### [RECORDS SHOWN]
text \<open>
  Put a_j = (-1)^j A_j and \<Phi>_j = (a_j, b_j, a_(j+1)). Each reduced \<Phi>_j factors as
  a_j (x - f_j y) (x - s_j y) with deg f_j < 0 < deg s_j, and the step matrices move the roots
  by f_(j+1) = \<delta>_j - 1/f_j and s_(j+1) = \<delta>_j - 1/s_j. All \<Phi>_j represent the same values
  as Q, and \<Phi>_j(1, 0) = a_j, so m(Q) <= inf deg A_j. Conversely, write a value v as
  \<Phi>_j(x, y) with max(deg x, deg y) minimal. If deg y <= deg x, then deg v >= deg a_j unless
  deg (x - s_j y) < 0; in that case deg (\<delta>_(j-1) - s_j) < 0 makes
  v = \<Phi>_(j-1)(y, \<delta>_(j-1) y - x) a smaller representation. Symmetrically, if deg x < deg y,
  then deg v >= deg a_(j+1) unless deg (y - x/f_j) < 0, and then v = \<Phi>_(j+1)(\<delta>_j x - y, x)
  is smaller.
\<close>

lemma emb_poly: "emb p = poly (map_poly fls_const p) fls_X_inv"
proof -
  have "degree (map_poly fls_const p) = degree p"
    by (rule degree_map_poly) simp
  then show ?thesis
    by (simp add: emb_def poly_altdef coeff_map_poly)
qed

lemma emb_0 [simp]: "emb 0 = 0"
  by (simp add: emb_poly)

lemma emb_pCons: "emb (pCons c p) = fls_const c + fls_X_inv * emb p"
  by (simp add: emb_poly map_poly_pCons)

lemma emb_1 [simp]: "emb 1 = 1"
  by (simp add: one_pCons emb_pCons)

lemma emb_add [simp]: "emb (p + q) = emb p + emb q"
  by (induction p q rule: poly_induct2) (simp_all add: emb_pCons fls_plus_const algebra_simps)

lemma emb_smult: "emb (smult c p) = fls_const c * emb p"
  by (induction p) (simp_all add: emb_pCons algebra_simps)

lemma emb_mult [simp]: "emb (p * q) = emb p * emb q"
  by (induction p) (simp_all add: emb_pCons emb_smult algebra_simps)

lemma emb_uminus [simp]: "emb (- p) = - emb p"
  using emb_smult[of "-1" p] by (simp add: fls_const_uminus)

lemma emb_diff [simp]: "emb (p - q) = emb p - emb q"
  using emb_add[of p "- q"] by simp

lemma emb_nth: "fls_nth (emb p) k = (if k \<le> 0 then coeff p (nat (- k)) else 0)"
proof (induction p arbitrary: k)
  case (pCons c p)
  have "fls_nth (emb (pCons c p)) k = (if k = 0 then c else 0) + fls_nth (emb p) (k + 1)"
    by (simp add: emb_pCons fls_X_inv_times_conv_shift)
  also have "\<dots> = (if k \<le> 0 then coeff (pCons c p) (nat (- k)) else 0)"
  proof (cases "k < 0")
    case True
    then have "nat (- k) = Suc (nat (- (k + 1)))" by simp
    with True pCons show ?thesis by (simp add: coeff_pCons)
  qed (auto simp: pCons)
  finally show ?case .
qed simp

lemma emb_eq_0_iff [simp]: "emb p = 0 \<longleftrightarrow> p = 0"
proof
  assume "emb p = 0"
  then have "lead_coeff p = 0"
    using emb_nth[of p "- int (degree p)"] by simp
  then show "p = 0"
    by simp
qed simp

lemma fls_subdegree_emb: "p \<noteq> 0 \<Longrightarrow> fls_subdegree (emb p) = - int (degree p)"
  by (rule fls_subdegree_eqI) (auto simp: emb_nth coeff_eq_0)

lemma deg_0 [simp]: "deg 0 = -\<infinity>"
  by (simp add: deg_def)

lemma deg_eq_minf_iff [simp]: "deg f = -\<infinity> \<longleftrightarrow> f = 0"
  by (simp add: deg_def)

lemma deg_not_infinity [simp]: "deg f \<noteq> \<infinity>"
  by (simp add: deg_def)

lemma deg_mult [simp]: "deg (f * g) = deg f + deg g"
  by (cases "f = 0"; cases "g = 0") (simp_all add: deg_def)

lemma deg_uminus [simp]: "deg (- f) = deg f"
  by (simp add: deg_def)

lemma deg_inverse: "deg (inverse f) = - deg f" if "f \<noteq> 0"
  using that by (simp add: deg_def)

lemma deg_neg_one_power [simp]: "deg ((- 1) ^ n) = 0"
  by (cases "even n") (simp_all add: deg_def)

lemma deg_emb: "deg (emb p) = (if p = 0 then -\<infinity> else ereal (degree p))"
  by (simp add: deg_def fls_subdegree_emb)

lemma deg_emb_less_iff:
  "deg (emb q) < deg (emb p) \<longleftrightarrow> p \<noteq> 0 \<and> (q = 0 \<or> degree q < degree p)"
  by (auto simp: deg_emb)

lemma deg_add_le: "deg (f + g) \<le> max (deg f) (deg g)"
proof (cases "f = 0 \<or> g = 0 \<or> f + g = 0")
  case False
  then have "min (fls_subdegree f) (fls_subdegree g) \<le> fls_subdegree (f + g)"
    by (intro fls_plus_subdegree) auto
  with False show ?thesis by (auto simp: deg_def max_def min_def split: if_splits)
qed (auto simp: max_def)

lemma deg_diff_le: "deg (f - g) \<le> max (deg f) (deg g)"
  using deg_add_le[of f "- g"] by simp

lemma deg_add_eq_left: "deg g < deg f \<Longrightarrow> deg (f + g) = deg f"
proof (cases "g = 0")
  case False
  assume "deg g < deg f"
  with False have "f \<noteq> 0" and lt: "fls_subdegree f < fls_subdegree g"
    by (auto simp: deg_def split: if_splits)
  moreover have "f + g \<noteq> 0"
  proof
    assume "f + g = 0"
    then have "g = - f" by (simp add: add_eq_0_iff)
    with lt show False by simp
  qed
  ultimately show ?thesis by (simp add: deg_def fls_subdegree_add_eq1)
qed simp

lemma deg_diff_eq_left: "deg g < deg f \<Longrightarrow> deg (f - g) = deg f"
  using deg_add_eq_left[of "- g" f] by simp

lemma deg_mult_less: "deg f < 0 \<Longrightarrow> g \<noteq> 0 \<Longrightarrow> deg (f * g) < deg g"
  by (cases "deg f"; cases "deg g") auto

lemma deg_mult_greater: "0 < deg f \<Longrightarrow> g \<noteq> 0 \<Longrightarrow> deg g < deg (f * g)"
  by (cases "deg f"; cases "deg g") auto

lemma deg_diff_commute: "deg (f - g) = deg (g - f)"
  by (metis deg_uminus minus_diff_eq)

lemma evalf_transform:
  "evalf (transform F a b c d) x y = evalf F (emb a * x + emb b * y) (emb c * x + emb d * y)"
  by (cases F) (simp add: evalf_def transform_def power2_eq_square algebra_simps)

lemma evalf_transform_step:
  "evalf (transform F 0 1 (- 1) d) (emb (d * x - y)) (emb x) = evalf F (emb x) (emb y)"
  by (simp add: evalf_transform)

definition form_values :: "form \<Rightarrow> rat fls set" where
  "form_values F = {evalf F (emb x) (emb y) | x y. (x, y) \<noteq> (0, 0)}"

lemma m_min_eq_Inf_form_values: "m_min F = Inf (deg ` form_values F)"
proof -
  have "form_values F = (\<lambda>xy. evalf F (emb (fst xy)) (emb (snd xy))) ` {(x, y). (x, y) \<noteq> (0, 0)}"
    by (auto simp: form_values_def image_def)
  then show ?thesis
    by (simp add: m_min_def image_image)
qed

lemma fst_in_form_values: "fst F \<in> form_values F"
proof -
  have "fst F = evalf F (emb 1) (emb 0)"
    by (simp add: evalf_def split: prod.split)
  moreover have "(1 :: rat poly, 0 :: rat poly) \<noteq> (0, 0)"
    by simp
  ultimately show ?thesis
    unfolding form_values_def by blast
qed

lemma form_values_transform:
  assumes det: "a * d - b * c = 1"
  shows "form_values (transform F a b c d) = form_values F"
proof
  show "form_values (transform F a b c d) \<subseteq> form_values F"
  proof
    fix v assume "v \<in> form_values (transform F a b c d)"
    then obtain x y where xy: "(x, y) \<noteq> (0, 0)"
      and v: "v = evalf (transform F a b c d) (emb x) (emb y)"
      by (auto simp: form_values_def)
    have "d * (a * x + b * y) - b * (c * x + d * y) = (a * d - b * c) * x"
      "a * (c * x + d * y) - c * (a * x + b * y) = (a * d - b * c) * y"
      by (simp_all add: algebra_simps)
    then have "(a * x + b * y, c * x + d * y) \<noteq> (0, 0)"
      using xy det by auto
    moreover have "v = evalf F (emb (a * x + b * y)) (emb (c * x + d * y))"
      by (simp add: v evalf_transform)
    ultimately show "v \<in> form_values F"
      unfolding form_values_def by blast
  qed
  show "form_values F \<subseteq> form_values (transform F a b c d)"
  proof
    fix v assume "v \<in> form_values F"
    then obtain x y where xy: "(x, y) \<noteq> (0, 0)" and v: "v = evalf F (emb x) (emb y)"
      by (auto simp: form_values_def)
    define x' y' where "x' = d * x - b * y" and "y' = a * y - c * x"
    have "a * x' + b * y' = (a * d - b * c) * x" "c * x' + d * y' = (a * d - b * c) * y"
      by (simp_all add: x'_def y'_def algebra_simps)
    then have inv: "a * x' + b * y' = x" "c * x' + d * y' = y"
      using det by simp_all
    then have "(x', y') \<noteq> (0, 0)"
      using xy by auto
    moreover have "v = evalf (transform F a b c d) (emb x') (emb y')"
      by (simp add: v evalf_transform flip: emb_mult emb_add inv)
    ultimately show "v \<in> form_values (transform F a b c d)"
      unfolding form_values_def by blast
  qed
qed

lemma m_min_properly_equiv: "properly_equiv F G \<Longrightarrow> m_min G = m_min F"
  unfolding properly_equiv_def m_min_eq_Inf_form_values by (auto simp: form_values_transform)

* * *

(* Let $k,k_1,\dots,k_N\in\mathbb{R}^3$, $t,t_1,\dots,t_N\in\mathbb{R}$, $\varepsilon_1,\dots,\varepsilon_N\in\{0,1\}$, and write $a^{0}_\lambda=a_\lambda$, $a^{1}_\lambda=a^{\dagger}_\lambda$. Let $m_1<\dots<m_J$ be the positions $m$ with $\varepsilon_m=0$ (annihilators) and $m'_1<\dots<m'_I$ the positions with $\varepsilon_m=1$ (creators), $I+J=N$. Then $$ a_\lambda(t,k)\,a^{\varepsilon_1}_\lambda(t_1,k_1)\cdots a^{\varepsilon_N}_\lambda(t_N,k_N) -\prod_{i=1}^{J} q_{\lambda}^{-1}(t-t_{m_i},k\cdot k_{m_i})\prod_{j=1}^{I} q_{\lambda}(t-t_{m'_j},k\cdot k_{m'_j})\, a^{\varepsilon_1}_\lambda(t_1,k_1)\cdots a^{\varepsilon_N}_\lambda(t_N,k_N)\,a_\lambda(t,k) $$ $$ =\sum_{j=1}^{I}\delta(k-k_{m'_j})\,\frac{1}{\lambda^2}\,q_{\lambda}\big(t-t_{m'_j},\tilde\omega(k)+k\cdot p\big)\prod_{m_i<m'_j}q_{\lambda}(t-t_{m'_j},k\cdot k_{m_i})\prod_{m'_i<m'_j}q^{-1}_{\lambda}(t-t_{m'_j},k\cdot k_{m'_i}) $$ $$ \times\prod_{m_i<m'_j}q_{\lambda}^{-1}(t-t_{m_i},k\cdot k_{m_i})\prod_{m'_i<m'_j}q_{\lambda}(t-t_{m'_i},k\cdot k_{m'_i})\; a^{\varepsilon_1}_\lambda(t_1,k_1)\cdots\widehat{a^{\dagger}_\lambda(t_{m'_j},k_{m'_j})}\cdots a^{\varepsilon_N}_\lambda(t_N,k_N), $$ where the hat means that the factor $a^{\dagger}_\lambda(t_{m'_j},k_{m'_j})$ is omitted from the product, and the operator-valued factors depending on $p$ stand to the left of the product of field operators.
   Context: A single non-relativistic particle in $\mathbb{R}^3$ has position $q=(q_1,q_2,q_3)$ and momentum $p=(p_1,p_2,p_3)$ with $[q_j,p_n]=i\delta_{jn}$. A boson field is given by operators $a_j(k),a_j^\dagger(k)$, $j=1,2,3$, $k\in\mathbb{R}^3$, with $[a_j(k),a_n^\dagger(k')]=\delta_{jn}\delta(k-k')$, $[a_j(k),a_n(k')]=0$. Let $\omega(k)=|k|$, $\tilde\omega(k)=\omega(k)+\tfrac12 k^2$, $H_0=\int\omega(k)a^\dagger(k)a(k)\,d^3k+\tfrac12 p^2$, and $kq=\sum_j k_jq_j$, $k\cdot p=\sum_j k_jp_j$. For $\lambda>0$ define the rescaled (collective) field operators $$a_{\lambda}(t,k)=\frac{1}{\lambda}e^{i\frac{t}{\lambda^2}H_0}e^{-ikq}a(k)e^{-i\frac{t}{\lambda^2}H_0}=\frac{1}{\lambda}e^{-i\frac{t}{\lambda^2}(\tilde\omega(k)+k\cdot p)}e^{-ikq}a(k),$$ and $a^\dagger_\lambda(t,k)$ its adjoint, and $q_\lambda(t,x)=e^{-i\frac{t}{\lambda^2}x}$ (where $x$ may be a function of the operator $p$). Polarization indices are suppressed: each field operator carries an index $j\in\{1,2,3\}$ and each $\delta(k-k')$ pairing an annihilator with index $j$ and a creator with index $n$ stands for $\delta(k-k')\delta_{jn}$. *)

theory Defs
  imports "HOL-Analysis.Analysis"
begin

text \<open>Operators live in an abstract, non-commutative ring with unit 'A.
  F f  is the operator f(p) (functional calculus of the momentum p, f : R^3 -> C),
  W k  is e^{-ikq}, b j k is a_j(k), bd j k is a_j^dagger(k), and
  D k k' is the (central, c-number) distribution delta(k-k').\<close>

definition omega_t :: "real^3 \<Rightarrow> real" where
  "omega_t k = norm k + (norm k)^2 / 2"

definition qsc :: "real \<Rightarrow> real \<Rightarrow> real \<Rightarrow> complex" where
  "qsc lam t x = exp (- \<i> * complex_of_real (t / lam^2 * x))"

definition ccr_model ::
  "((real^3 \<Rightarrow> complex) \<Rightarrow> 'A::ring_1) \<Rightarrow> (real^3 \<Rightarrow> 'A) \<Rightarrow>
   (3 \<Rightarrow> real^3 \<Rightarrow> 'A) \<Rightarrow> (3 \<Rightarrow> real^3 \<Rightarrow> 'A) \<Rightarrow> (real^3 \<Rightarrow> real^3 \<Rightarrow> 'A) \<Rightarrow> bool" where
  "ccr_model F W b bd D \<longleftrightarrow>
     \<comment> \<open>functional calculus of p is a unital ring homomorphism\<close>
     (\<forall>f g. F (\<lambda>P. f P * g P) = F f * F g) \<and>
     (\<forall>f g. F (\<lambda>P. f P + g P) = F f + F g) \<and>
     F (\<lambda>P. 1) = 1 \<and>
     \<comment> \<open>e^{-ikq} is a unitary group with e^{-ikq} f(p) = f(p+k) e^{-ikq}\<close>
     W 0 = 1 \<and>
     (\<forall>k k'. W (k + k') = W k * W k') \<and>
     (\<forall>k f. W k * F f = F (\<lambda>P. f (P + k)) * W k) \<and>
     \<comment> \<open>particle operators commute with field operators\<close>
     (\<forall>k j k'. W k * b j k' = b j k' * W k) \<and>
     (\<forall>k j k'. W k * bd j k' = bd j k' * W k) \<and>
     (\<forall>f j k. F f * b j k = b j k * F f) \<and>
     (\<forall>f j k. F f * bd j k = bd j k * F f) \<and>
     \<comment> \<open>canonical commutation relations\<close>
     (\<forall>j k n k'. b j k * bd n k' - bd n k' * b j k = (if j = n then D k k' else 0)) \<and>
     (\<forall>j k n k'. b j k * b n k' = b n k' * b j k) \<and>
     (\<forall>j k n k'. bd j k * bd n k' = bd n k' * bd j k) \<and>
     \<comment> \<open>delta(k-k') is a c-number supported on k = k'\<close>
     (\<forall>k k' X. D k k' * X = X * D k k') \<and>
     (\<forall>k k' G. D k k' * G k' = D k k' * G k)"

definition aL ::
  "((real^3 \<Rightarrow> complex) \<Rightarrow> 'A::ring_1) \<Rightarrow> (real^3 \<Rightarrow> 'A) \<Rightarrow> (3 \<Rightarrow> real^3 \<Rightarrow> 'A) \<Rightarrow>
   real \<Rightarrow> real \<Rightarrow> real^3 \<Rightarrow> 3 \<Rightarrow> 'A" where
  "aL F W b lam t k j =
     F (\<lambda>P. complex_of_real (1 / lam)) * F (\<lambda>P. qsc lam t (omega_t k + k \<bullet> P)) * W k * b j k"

### [WHAT IS REQUIRED]
Copy every line from the records above that contains the string "open".

### [TASK SOLUTION]
text \<open>
text \<open>Operators live in an abstract, non-commutative ring with unit 'A.
     \<comment> \<open>functional calculus of p is a unital ring homomorphism\<close>
     \<comment> \<open>e^{-ikq} is a unitary group with e^{-ikq} f(p) = f(p+k) e^{-ikq}\<close>
     \<comment> \<open>particle operators commute with field operators\<close>
     \<comment> \<open>canonical commutation relations\<close>
     \<comment> \<open>delta(k-k') is a c-number supported on k = k'\<close>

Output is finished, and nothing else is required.